Among the records below, find each line containing the word "that" and copy it.

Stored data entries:
════════════════════

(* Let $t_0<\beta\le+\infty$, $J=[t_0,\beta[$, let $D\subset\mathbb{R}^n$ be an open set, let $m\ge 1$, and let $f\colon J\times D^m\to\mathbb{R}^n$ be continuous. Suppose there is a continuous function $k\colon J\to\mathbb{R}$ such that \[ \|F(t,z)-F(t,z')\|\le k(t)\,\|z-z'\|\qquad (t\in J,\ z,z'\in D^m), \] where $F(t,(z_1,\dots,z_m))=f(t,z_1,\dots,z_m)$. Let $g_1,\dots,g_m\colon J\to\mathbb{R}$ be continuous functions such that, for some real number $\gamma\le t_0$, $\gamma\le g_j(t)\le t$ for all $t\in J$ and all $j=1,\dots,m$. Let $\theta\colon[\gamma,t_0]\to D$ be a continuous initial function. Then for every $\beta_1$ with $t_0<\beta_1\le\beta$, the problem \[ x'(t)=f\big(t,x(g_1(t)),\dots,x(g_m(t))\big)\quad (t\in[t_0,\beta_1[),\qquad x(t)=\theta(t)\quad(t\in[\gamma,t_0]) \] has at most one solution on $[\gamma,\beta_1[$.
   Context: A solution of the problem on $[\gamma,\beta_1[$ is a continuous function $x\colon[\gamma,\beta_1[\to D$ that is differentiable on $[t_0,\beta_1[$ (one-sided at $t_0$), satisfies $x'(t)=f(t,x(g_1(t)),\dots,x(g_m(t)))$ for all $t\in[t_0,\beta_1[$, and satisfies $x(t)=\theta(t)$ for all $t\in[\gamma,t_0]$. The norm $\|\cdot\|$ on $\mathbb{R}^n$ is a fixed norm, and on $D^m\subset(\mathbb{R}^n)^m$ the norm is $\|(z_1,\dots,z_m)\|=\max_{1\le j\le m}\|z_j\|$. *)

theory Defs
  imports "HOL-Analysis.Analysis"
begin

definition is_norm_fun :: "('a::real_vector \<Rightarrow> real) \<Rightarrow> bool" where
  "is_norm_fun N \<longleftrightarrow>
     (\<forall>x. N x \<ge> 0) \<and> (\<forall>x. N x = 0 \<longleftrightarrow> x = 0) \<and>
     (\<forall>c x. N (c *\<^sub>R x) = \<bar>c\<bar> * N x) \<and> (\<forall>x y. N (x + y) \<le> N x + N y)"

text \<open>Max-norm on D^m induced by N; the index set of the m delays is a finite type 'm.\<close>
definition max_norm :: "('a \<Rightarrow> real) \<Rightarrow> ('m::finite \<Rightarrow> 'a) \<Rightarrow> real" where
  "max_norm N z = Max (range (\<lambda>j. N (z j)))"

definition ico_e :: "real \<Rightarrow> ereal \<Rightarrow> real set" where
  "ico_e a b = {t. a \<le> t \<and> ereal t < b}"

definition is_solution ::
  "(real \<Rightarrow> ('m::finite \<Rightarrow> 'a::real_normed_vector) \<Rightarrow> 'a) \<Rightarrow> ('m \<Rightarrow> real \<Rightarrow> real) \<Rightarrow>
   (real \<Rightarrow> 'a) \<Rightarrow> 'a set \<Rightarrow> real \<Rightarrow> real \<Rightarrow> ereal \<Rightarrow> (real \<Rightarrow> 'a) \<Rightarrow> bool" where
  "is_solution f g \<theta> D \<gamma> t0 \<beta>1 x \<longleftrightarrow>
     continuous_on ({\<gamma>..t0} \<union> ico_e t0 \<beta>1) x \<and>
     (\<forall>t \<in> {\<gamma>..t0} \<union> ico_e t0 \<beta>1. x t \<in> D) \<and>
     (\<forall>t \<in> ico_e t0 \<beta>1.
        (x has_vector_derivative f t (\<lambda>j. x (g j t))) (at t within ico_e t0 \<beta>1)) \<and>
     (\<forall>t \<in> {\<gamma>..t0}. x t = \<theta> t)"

════════════════════

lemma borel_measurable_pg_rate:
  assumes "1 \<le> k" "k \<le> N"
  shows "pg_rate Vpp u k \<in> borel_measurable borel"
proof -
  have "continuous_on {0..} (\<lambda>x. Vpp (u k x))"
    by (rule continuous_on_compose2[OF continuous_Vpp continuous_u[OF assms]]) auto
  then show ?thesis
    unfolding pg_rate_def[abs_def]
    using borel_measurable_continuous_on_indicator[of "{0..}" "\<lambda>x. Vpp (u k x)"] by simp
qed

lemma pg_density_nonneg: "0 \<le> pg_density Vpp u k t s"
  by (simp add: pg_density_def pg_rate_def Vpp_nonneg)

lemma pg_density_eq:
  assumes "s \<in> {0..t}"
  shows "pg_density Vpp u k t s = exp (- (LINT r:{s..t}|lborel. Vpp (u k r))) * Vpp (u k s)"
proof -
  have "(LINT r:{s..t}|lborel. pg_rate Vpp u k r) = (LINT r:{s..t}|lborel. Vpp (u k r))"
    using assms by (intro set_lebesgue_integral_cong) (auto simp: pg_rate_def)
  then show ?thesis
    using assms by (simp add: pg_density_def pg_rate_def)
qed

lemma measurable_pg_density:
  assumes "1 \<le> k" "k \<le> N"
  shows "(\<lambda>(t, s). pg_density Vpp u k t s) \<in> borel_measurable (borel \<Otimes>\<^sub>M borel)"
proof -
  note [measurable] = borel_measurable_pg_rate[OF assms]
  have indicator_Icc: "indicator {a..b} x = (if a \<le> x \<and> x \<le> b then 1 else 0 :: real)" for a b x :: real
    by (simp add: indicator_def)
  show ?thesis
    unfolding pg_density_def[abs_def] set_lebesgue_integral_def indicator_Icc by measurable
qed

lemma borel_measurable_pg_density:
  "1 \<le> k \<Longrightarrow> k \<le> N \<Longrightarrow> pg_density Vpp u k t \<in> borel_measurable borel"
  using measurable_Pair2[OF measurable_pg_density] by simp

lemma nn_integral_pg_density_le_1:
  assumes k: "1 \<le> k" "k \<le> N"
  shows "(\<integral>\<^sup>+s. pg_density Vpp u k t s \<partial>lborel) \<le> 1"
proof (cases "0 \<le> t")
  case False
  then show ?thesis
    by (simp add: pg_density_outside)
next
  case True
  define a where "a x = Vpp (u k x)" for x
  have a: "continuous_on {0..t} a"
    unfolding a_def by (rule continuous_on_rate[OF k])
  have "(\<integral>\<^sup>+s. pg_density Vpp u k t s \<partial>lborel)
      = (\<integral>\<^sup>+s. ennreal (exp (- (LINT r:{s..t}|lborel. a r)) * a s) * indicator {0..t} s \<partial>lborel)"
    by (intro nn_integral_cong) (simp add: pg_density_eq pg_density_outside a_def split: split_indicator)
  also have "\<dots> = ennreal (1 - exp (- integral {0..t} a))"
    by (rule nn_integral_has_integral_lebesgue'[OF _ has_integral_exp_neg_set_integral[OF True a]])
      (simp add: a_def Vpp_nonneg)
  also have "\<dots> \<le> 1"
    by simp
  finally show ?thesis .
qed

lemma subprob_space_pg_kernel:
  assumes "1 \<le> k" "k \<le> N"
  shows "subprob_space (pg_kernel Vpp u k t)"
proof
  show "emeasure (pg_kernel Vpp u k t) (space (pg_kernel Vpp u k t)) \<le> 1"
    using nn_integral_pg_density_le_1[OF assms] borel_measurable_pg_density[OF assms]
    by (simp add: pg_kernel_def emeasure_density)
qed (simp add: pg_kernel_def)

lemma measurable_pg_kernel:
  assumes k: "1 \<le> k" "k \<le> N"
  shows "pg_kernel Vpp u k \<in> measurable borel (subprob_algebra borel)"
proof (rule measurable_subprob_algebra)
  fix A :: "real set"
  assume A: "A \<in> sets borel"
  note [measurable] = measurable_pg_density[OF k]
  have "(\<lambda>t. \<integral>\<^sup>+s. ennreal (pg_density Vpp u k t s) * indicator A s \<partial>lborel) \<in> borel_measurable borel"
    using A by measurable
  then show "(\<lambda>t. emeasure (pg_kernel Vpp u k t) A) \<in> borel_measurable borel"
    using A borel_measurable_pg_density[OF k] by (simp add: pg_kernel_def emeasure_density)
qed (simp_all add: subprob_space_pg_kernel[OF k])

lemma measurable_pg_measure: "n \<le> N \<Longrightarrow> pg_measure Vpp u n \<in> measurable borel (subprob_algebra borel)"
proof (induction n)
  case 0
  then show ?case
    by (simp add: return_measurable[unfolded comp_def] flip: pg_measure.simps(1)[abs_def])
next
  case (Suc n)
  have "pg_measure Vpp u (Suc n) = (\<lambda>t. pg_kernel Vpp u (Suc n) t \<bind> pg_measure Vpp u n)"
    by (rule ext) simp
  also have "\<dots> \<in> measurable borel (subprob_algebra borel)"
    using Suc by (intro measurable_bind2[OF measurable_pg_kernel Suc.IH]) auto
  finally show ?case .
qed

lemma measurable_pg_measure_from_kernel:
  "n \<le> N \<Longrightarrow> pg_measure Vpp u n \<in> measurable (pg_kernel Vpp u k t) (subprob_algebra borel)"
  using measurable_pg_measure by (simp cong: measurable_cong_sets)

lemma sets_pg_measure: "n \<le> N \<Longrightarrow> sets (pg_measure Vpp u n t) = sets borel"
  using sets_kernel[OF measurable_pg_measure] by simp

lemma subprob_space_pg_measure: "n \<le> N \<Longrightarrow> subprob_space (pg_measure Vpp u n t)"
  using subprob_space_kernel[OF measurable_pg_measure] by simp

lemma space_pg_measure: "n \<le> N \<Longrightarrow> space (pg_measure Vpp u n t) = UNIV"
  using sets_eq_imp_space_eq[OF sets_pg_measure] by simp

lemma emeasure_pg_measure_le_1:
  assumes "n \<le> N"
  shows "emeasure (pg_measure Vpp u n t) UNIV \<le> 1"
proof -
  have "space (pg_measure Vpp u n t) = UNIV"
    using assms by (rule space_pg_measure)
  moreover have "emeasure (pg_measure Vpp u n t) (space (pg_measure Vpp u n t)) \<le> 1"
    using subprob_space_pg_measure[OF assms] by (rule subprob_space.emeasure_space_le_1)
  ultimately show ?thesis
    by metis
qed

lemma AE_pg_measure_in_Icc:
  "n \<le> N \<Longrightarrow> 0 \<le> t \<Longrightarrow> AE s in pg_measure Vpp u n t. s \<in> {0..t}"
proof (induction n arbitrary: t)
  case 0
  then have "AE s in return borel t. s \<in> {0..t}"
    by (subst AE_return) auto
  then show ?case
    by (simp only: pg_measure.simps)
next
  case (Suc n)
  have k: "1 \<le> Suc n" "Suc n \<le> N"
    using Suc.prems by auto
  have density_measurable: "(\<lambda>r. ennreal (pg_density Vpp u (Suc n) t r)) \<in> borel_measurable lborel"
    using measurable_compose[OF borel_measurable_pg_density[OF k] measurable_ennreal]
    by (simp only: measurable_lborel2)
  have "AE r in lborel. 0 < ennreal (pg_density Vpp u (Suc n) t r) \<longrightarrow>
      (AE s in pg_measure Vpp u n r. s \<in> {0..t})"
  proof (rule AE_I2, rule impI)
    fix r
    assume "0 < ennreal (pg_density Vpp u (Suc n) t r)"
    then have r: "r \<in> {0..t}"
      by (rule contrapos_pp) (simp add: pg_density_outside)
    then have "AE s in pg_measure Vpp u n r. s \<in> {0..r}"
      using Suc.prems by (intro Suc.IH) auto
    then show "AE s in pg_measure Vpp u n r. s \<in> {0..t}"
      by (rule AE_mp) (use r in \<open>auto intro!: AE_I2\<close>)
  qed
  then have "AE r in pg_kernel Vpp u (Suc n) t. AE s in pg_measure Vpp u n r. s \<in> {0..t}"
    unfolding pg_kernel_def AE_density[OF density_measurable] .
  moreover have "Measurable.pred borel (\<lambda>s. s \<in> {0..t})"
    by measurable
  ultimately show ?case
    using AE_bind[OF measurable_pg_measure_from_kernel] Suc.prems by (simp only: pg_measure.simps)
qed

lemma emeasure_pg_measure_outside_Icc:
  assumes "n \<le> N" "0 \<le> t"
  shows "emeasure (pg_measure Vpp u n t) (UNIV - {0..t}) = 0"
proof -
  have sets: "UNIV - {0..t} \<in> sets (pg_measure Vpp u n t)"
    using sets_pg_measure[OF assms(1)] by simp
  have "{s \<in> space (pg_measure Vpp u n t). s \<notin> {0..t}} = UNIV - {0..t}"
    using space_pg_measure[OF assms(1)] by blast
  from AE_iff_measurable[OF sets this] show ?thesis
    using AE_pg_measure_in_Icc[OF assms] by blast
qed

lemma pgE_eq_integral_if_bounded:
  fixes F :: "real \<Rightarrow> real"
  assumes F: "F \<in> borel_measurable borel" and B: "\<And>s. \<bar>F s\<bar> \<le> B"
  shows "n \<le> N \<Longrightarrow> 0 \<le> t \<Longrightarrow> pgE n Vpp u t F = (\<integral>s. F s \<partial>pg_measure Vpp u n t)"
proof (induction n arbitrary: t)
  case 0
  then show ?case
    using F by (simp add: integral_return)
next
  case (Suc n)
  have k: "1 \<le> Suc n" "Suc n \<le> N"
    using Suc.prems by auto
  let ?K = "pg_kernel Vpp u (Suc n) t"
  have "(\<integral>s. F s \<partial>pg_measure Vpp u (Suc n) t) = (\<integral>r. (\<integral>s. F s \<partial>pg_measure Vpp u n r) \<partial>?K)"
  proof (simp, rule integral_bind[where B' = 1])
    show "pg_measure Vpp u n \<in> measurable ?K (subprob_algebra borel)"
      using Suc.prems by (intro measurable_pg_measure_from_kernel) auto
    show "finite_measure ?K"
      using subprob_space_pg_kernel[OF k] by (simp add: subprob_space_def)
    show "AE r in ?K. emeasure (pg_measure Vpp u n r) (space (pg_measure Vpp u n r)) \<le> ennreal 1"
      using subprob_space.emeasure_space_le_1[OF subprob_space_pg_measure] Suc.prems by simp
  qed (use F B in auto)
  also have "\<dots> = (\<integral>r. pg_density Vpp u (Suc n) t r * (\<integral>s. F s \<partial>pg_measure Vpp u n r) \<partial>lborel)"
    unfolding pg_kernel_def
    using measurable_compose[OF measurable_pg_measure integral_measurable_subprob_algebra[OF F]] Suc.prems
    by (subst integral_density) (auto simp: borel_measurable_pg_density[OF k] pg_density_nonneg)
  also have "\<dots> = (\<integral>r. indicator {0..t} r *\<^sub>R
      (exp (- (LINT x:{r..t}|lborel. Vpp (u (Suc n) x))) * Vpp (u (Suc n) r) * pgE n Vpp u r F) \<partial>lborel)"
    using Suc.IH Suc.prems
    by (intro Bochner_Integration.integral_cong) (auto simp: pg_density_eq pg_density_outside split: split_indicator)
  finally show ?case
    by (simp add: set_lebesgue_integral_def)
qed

════════════════════

■ SOLUTION TO THIS PROBLEM
(* Let $t_0<\beta\le+\infty$, $J=[t_0,\beta[$, let $D\subset\mathbb{R}^n$ be an open set, let $m\ge 1$, and let $f\colon J\times D^m\to\mathbb{R}^n$ be continuous. Suppose there is a continuous function $k\colon J\to\mathbb{R}$ such that \[ \|F(t,z)-F(t,z')\|\le k(t)\,\|z-z'\|\qquad (t\in J,\ z,z'\in D^m), \] where $F(t,(z_1,\dots,z_m))=f(t,z_1,\dots,z_m)$. Let $g_1,\dots,g_m\colon J\to\mathbb{R}$ be continuous functions such that, for some real number $\gamma\le t_0$, $\gamma\le g_j(t)\le t$ for all $t\in J$ and all $j=1,\dots,m$. Let $\theta\colon[\gamma,t_0]\to D$ be a continuous initial function. Then for every $\beta_1$ with $t_0<\beta_1\le\beta$, the problem \[ x'(t)=f\big(t,x(g_1(t)),\dots,x(g_m(t))\big)\quad (t\in[t_0,\beta_1[),\qquad x(t)=\theta(t)\quad(t\in[\gamma,t_0]) \] has at most one solution on $[\gamma,\beta_1[$.
   Context: A solution of the problem on $[\gamma,\beta_1[$ is a continuous function $x\colon[\gamma,\beta_1[\to D$ that is differentiable on $[t_0,\beta_1[$ (one-sided at $t_0$), satisfies $x'(t)=f(t,x(g_1(t)),\dots,x(g_m(t)))$ for all $t\in[t_0,\beta_1[$, and satisfies $x(t)=\theta(t)$ for all $t\in[\gamma,t_0]$. The norm $\|\cdot\|$ on $\mathbb{R}^n$ is a fixed norm, and on $D^m\subset(\mathbb{R}^n)^m$ the norm is $\|(z_1,\dots,z_m)\|=\max_{1\le j\le m}\|z_j\|$. *)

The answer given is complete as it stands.